Of all the lines in the entries below, give again exactly those starting at the line containing "(\<lambda>x. h m" and ending at the line containing "x in M. f x", both ends included, and no others.
--- Task data ---
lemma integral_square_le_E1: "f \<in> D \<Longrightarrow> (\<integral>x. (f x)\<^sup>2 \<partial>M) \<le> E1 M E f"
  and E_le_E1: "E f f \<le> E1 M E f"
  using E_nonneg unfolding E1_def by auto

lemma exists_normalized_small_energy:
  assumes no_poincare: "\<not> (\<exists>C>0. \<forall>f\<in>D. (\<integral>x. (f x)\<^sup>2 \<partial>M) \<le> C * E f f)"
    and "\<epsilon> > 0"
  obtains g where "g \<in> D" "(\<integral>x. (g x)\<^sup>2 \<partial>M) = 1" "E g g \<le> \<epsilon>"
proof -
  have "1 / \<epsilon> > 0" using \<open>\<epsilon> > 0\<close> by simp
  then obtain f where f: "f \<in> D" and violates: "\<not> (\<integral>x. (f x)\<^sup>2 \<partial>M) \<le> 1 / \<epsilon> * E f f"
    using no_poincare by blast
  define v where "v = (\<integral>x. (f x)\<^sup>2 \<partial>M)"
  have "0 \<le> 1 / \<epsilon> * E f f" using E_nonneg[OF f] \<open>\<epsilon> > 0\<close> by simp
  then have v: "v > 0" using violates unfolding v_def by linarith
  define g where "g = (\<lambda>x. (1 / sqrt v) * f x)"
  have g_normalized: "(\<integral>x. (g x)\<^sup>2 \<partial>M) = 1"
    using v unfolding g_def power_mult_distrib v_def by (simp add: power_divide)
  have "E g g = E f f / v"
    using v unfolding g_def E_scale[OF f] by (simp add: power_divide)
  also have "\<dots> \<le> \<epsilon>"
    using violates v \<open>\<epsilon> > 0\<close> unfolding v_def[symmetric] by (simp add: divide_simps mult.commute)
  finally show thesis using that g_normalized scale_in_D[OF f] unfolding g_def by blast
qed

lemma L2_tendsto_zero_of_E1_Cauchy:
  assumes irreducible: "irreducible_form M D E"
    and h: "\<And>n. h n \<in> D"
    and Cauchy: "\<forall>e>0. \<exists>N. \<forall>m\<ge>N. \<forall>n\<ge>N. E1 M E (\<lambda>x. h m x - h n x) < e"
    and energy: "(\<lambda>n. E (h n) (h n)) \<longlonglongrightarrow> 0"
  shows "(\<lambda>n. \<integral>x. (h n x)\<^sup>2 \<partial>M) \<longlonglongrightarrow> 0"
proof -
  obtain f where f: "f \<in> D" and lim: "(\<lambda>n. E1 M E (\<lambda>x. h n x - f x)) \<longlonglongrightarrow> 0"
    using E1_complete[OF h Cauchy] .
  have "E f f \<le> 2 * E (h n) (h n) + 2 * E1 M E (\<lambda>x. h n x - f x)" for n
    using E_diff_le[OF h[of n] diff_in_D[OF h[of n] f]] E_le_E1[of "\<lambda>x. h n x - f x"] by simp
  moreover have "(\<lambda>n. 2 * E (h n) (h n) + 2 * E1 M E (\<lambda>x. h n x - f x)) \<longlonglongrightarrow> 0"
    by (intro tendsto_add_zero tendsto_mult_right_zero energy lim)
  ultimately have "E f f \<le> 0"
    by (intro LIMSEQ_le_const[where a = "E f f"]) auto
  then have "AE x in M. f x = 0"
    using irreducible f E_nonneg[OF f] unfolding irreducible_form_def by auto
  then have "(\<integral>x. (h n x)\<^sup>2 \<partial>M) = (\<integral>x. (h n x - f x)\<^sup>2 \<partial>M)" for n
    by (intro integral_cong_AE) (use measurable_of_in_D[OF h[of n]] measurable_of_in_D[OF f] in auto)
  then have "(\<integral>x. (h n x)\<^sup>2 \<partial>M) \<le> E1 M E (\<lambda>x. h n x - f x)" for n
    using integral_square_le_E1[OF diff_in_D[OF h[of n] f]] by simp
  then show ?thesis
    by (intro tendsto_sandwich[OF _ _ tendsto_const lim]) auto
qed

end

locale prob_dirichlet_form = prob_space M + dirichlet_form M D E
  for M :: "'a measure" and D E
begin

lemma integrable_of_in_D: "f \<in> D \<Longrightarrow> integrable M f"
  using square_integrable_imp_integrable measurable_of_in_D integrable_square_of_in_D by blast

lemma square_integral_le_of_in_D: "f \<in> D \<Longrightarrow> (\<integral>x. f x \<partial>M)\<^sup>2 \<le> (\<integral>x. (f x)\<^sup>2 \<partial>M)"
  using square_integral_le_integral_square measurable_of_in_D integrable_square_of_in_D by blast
---
Response for this exercise »
    and Cauchy: "\<forall>e>0. \<exists>N. \<forall>m\<ge>N. \<forall>n\<ge>N. E1 M E (\<lambda>x. h m x - h n x) < e"
    and energy: "(\<lambda>n. E (h n) (h n)) \<longlonglongrightarrow> 0"
  shows "(\<lambda>n. \<integral>x. (h n x)\<^sup>2 \<partial>M) \<longlonglongrightarrow> 0"
proof -
  obtain f where f: "f \<in> D" and lim: "(\<lambda>n. E1 M E (\<lambda>x. h n x - f x)) \<longlonglongrightarrow> 0"
    using E1_complete[OF h Cauchy] .
  have "E f f \<le> 2 * E (h n) (h n) + 2 * E1 M E (\<lambda>x. h n x - f x)" for n
    using E_diff_le[OF h[of n] diff_in_D[OF h[of n] f]] E_le_E1[of "\<lambda>x. h n x - f x"] by simp
  moreover have "(\<lambda>n. 2 * E (h n) (h n) + 2 * E1 M E (\<lambda>x. h n x - f x)) \<longlonglongrightarrow> 0"
    by (intro tendsto_add_zero tendsto_mult_right_zero energy lim)
  ultimately have "E f f \<le> 0"
    by (intro LIMSEQ_le_const[where a = "E f f"]) auto
  then have "AE x in M. f x = 0"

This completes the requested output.